■ What is required ■
Search the entries below for the string "finally" and copy the lines that hold it.

[Collected data entries]
····················
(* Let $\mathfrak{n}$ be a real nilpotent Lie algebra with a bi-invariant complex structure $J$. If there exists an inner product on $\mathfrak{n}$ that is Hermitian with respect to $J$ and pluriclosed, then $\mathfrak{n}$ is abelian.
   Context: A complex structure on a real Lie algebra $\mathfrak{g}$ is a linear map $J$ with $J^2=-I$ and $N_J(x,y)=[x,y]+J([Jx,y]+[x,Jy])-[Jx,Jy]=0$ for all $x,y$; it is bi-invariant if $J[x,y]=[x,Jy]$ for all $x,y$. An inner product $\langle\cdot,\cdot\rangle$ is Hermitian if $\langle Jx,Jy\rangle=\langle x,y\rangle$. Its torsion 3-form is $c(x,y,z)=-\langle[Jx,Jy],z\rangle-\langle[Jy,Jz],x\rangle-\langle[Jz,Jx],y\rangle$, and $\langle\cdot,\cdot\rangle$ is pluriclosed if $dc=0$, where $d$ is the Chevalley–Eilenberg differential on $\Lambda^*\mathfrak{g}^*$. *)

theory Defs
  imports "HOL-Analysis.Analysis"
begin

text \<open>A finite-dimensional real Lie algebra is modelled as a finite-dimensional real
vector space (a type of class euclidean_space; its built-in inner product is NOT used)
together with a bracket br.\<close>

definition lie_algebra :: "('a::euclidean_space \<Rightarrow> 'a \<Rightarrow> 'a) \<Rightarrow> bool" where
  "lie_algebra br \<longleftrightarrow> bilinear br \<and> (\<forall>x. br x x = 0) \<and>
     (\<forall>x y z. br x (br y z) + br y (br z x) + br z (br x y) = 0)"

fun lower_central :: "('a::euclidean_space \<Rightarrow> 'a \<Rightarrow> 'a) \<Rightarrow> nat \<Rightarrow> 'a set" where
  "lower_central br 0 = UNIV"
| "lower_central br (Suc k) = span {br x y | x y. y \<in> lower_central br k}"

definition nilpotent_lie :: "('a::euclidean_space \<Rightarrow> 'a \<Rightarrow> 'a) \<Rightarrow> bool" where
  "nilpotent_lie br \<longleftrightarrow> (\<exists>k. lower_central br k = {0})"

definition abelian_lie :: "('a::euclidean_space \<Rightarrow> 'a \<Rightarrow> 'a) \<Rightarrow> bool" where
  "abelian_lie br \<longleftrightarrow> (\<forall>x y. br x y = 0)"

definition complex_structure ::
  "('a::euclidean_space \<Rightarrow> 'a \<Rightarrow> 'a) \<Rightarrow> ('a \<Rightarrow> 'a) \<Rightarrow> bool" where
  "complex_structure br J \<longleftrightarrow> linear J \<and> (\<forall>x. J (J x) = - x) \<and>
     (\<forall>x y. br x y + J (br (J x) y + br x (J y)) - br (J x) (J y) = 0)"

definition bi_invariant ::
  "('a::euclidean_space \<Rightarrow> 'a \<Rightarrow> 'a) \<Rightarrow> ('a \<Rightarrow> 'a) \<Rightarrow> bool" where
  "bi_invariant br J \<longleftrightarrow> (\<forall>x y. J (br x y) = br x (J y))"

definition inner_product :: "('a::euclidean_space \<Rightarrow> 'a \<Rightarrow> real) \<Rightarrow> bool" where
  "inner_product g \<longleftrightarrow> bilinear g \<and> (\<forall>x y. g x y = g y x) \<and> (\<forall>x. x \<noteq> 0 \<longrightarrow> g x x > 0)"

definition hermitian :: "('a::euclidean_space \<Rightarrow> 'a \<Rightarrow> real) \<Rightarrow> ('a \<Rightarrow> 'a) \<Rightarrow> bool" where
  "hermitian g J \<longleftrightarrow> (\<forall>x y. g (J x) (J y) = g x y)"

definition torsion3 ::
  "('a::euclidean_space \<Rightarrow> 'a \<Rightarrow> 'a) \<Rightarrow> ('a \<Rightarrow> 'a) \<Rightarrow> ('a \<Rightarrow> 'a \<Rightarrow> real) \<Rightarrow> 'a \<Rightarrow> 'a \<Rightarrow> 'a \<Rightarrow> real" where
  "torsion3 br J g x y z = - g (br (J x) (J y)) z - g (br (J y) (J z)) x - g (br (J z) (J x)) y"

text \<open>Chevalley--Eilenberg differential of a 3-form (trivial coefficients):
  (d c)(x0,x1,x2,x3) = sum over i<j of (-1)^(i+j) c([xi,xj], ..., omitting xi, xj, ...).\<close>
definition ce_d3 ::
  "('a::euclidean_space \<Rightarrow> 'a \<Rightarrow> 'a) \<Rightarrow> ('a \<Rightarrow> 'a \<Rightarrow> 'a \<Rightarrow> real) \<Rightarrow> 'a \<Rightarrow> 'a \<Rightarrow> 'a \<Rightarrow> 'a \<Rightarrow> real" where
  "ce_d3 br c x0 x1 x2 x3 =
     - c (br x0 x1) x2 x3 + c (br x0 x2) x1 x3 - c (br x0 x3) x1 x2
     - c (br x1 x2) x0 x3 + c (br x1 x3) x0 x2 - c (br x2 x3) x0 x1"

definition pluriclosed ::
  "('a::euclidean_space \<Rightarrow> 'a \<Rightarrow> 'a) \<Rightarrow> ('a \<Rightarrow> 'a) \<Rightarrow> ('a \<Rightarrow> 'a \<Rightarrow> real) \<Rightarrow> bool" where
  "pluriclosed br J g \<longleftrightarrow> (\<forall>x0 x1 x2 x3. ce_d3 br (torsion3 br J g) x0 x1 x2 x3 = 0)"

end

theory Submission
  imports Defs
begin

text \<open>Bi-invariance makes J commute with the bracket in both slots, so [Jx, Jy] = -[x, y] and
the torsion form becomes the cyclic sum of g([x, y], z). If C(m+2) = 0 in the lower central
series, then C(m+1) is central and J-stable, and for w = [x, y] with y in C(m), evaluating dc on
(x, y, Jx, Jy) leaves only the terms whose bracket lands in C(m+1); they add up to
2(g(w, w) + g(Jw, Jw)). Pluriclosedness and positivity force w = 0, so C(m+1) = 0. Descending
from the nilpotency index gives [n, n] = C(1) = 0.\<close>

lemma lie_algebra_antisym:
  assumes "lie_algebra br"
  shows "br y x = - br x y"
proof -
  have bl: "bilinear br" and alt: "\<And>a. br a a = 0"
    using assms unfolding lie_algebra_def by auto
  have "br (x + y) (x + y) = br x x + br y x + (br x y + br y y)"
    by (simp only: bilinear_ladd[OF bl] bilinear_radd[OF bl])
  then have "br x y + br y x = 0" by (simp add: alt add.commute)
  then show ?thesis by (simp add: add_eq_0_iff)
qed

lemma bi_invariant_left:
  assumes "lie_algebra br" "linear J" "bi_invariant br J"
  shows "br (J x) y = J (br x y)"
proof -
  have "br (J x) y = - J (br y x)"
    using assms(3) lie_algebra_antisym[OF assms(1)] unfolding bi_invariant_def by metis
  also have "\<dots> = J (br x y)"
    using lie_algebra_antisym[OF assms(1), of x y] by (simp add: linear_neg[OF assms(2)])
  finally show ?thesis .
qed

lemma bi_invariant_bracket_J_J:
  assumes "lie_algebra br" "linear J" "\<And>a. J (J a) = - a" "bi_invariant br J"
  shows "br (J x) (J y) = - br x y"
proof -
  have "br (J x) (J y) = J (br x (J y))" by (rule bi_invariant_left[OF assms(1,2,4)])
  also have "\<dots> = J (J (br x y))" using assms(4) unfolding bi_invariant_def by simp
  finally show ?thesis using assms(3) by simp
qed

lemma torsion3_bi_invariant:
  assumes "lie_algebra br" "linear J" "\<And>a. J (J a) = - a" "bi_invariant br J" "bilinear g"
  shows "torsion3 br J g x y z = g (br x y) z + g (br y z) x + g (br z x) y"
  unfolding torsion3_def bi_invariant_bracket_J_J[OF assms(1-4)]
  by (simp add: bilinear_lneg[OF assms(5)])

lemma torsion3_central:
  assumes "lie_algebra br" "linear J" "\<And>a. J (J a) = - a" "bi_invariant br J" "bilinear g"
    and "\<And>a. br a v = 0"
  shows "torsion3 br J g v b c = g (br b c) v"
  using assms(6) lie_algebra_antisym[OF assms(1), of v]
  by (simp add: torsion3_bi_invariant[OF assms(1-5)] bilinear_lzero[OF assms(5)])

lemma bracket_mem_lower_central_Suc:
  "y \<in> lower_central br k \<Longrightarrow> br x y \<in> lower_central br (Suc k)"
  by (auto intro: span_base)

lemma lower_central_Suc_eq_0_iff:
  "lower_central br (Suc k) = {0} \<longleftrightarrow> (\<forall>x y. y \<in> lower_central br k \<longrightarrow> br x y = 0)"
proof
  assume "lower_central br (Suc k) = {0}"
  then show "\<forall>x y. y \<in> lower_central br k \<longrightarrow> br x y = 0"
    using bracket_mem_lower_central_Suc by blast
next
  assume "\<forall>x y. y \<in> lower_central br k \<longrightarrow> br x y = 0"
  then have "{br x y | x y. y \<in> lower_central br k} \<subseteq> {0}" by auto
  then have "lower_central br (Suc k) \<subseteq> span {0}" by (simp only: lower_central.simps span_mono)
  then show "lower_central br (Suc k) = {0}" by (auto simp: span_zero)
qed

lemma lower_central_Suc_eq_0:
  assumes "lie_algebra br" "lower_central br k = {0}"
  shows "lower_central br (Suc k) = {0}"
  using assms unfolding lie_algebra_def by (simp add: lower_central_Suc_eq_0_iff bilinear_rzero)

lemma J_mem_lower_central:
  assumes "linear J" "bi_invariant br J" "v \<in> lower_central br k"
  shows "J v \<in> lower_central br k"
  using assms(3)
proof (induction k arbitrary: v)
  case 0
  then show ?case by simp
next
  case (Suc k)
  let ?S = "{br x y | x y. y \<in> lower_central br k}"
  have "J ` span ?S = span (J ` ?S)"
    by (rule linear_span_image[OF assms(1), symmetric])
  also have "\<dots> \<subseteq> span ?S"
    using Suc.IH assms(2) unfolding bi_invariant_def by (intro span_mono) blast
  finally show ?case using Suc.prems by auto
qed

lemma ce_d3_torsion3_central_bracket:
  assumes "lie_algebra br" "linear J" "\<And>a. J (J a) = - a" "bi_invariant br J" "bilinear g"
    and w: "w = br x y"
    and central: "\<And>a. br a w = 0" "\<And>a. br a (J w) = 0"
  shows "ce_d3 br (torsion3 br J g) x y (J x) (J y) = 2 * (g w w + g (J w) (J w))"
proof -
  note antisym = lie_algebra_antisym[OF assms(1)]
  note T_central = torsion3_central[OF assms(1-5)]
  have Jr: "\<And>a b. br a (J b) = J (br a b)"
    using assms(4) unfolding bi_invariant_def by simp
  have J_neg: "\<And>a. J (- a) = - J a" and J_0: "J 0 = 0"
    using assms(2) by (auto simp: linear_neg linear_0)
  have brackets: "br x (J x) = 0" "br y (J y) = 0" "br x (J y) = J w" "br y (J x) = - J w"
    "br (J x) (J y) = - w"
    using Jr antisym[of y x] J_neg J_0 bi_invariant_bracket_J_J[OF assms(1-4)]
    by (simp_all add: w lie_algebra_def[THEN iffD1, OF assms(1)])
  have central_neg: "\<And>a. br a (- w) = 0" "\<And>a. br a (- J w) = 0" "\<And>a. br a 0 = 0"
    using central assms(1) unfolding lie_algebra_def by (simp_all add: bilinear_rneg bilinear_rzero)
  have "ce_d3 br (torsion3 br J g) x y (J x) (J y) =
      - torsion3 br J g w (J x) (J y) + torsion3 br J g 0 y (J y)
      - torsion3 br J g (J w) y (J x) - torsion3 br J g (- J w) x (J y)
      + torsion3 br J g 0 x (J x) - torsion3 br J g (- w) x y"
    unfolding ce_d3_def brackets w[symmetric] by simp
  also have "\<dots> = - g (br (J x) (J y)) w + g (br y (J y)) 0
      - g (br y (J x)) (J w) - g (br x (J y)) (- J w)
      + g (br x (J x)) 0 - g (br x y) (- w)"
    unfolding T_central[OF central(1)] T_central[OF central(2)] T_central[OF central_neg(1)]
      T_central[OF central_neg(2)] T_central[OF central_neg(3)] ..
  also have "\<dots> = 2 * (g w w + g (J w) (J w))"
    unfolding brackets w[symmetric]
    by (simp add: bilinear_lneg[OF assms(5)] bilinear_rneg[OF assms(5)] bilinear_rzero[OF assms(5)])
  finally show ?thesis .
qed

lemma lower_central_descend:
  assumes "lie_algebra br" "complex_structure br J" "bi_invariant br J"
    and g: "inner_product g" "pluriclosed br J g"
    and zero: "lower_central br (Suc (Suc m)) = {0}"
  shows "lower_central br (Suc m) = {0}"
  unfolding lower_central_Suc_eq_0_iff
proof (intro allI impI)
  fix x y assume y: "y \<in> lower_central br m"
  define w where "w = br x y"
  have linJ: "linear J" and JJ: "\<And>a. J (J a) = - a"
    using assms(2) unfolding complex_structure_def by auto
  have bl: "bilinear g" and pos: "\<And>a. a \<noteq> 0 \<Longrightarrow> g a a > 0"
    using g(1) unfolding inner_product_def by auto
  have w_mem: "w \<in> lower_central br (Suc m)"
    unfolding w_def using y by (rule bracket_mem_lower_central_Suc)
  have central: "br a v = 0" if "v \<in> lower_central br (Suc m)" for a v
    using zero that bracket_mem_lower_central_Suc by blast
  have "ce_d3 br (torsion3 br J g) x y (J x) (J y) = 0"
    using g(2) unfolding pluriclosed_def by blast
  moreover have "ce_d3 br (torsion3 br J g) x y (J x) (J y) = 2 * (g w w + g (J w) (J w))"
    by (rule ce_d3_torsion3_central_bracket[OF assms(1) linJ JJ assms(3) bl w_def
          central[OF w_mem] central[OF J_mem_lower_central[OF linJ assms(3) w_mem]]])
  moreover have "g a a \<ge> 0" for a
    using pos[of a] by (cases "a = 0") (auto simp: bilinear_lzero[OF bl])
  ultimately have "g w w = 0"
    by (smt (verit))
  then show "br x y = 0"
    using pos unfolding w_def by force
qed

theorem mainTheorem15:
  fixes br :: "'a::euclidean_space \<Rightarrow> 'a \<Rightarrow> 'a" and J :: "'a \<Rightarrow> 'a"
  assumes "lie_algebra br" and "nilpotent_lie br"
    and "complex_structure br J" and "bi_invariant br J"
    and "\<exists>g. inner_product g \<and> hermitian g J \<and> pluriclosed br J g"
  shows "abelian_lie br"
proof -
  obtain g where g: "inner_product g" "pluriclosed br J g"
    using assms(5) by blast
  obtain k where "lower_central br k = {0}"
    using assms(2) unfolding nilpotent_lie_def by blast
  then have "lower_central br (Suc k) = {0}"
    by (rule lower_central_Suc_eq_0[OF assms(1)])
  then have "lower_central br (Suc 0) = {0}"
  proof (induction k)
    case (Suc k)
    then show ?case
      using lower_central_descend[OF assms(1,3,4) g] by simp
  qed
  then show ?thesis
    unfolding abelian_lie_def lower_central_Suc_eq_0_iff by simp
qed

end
····················
■ Result for this task ■
  finally show ?thesis .
  finally show ?thesis using assms(3) by simp
  finally show ?case using Suc.prems by auto
  finally show ?thesis .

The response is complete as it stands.